- [Your assignment] Each entry needs to be restated exactly as written.

[Opening Records for this task section]

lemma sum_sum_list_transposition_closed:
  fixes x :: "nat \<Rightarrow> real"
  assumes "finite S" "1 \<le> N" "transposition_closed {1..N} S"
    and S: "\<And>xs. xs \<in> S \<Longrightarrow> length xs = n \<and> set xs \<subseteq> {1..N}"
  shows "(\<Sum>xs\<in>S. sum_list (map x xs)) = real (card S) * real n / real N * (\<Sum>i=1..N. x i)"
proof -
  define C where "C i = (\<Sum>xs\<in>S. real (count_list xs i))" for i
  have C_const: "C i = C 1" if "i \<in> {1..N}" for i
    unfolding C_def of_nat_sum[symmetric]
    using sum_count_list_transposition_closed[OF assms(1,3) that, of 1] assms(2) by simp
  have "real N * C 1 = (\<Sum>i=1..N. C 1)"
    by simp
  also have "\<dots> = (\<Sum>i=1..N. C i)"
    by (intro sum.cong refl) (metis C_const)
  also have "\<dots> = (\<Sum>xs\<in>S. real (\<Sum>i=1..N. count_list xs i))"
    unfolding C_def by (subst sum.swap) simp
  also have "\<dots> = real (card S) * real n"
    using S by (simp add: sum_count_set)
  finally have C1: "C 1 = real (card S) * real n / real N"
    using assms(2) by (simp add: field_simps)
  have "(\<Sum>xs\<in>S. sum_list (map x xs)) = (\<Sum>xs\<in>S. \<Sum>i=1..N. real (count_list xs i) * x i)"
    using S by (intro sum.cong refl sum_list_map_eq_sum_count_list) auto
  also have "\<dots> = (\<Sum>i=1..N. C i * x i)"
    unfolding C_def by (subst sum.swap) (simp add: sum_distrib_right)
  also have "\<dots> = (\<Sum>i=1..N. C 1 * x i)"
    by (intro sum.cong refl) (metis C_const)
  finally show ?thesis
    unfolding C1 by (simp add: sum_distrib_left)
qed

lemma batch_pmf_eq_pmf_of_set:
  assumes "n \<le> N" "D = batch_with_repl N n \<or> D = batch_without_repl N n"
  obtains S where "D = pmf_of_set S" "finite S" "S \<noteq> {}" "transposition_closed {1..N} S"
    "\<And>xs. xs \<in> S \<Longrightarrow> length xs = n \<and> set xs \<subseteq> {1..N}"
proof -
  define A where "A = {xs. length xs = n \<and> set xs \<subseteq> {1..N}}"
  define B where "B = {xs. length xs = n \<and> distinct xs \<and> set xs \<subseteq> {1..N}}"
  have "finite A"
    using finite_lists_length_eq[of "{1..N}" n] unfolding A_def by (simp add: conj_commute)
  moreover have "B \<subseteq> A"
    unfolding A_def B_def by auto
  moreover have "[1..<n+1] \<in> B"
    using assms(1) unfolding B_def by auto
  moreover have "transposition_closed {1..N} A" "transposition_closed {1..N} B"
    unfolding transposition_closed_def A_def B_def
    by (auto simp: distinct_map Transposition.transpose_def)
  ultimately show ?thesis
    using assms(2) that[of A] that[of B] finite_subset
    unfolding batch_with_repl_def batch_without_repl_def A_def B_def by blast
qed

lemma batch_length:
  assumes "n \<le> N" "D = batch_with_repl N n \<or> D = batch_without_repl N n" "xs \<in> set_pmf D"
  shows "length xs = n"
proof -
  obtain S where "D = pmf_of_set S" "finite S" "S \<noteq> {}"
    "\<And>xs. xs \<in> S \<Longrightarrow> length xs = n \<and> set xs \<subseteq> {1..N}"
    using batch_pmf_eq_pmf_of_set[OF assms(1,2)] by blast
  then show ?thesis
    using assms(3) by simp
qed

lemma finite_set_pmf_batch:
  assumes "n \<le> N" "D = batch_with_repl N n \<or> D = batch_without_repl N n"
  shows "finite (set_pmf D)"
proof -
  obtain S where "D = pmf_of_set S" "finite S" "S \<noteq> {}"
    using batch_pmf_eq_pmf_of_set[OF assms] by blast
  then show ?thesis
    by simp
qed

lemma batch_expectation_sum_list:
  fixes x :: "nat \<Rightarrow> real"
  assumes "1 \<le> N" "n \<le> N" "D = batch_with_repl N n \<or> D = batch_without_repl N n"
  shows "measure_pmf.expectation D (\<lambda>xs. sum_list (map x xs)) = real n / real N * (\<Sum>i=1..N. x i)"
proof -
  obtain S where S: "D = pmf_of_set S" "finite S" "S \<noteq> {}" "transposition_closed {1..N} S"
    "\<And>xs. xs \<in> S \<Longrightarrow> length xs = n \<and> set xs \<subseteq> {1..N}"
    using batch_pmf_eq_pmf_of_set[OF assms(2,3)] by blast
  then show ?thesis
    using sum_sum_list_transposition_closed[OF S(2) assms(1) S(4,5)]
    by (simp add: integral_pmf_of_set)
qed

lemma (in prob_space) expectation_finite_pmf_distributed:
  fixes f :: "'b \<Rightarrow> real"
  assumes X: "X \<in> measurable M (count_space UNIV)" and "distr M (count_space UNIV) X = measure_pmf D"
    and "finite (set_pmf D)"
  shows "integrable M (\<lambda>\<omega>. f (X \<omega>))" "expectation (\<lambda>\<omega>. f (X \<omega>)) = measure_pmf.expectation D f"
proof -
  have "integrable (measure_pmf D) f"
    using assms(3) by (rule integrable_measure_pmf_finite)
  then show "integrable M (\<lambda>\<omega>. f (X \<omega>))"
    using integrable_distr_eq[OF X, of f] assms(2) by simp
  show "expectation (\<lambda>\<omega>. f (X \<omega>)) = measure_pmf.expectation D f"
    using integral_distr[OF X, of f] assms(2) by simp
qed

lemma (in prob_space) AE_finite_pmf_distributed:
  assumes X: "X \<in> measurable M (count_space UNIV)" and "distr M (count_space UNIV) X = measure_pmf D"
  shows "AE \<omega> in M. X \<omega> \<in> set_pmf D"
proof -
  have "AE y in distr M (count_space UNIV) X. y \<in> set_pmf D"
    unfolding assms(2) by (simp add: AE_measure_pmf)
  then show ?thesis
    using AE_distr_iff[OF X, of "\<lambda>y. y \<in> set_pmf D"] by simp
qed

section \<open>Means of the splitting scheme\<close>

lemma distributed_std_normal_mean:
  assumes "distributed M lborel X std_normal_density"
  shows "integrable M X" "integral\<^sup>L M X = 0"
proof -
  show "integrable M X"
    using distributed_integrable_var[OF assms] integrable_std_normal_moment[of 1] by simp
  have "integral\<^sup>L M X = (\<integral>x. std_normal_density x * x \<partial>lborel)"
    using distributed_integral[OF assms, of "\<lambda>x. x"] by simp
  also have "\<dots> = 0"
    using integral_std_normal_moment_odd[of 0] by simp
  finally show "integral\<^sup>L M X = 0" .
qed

[Closing Records for this task section]

- [Reply]
lemma sum_sum_list_transposition_closed:
  fixes x :: "nat \<Rightarrow> real"
  assumes "finite S" "1 \<le> N" "transposition_closed {1..N} S"
    and S: "\<And>xs. xs \<in> S \<Longrightarrow> length xs = n \<and> set xs \<subseteq> {1..N}"
  shows "(\<Sum>xs\<in>S. sum_list (map x xs)) = real (card S) * real n / real N * (\<Sum>i=1..N. x i)"
proof -
  define C where "C i = (\<Sum>xs\<in>S. real (count_list xs i))" for i
  have C_const: "C i = C 1" if "i \<in> {1..N}" for i
    unfolding C_def of_nat_sum[symmetric]
    using sum_count_list_transposition_closed[OF assms(1,3) that, of 1] assms(2) by simp
  have "real N * C 1 = (\<Sum>i=1..N. C 1)"
    by simp
  also have "\<dots> = (\<Sum>i=1..N. C i)"
    by (intro sum.cong refl) (metis C_const)
  also have "\<dots> = (\<Sum>xs\<in>S. real (\<Sum>i=1..N. count_list xs i))"
    unfolding C_def by (subst sum.swap) simp
  also have "\<dots> = real (card S) * real n"
    using S by (simp add: sum_count_set)
  finally have C1: "C 1 = real (card S) * real n / real N"
    using assms(2) by (simp add: field_simps)
  have "(\<Sum>xs\<in>S. sum_list (map x xs)) = (\<Sum>xs\<in>S. \<Sum>i=1..N. real (count_list xs i) * x i)"
    using S by (intro sum.cong refl sum_list_map_eq_sum_count_list) auto
  also have "\<dots> = (\<Sum>i=1..N. C i * x i)"
    unfolding C_def by (subst sum.swap) (simp add: sum_distrib_right)
  also have "\<dots> = (\<Sum>i=1..N. C 1 * x i)"
    by (intro sum.cong refl) (metis C_const)
  finally show ?thesis
    unfolding C1 by (simp add: sum_distrib_left)
qed

lemma batch_pmf_eq_pmf_of_set:
  assumes "n \<le> N" "D = batch_with_repl N n \<or> D = batch_without_repl N n"
  obtains S where "D = pmf_of_set S" "finite S" "S \<noteq> {}" "transposition_closed {1..N} S"
    "\<And>xs. xs \<in> S \<Longrightarrow> length xs = n \<and> set xs \<subseteq> {1..N}"
proof -
  define A where "A = {xs. length xs = n \<and> set xs \<subseteq> {1..N}}"
  define B where "B = {xs. length xs = n \<and> distinct xs \<and> set xs \<subseteq> {1..N}}"
  have "finite A"
    using finite_lists_length_eq[of "{1..N}" n] unfolding A_def by (simp add: conj_commute)
  moreover have "B \<subseteq> A"
    unfolding A_def B_def by auto
  moreover have "[1..<n+1] \<in> B"
    using assms(1) unfolding B_def by auto
  moreover have "transposition_closed {1..N} A" "transposition_closed {1..N} B"
    unfolding transposition_closed_def A_def B_def
    by (auto simp: distinct_map Transposition.transpose_def)
  ultimately show ?thesis
    using assms(2) that[of A] that[of B] finite_subset
    unfolding batch_with_repl_def batch_without_repl_def A_def B_def by blast
qed

lemma batch_length:
  assumes "n \<le> N" "D = batch_with_repl N n \<or> D = batch_without_repl N n" "xs \<in> set_pmf D"
  shows "length xs = n"
proof -
  obtain S where "D = pmf_of_set S" "finite S" "S \<noteq> {}"
    "\<And>xs. xs \<in> S \<Longrightarrow> length xs = n \<and> set xs \<subseteq> {1..N}"
    using batch_pmf_eq_pmf_of_set[OF assms(1,2)] by blast
  then show ?thesis
    using assms(3) by simp
qed

lemma finite_set_pmf_batch:
  assumes "n \<le> N" "D = batch_with_repl N n \<or> D = batch_without_repl N n"
  shows "finite (set_pmf D)"
proof -
  obtain S where "D = pmf_of_set S" "finite S" "S \<noteq> {}"
    using batch_pmf_eq_pmf_of_set[OF assms] by blast
  then show ?thesis
    by simp
qed

lemma batch_expectation_sum_list:
  fixes x :: "nat \<Rightarrow> real"
  assumes "1 \<le> N" "n \<le> N" "D = batch_with_repl N n \<or> D = batch_without_repl N n"
  shows "measure_pmf.expectation D (\<lambda>xs. sum_list (map x xs)) = real n / real N * (\<Sum>i=1..N. x i)"
proof -
  obtain S where S: "D = pmf_of_set S" "finite S" "S \<noteq> {}" "transposition_closed {1..N} S"
    "\<And>xs. xs \<in> S \<Longrightarrow> length xs = n \<and> set xs \<subseteq> {1..N}"
    using batch_pmf_eq_pmf_of_set[OF assms(2,3)] by blast
  then show ?thesis
    using sum_sum_list_transposition_closed[OF S(2) assms(1) S(4,5)]
    by (simp add: integral_pmf_of_set)
qed

lemma (in prob_space) expectation_finite_pmf_distributed:
  fixes f :: "'b \<Rightarrow> real"
  assumes X: "X \<in> measurable M (count_space UNIV)" and "distr M (count_space UNIV) X = measure_pmf D"
    and "finite (set_pmf D)"
  shows "integrable M (\<lambda>\<omega>. f (X \<omega>))" "expectation (\<lambda>\<omega>. f (X \<omega>)) = measure_pmf.expectation D f"
proof -
  have "integrable (measure_pmf D) f"
    using assms(3) by (rule integrable_measure_pmf_finite)
  then show "integrable M (\<lambda>\<omega>. f (X \<omega>))"
    using integrable_distr_eq[OF X, of f] assms(2) by simp
  show "expectation (\<lambda>\<omega>. f (X \<omega>)) = measure_pmf.expectation D f"
    using integral_distr[OF X, of f] assms(2) by simp
qed

lemma (in prob_space) AE_finite_pmf_distributed:
  assumes X: "X \<in> measurable M (count_space UNIV)" and "distr M (count_space UNIV) X = measure_pmf D"
  shows "AE \<omega> in M. X \<omega> \<in> set_pmf D"
proof -
  have "AE y in distr M (count_space UNIV) X. y \<in> set_pmf D"
    unfolding assms(2) by (simp add: AE_measure_pmf)
  then show ?thesis
    using AE_distr_iff[OF X, of "\<lambda>y. y \<in> set_pmf D"] by simp
qed

section \<open>Means of the splitting scheme\<close>

lemma distributed_std_normal_mean:
  assumes "distributed M lborel X std_normal_density"
  shows "integrable M X" "integral\<^sup>L M X = 0"
proof -
  show "integrable M X"
    using distributed_integrable_var[OF assms] integrable_std_normal_moment[of 1] by simp
  have "integral\<^sup>L M X = (\<integral>x. std_normal_density x * x \<partial>lborel)"
    using distributed_integral[OF assms, of "\<lambda>x. x"] by simp
  also have "\<dots> = 0"
    using integral_std_normal_moment_odd[of 0] by simp
  finally show "integral\<^sup>L M X = 0" .
qed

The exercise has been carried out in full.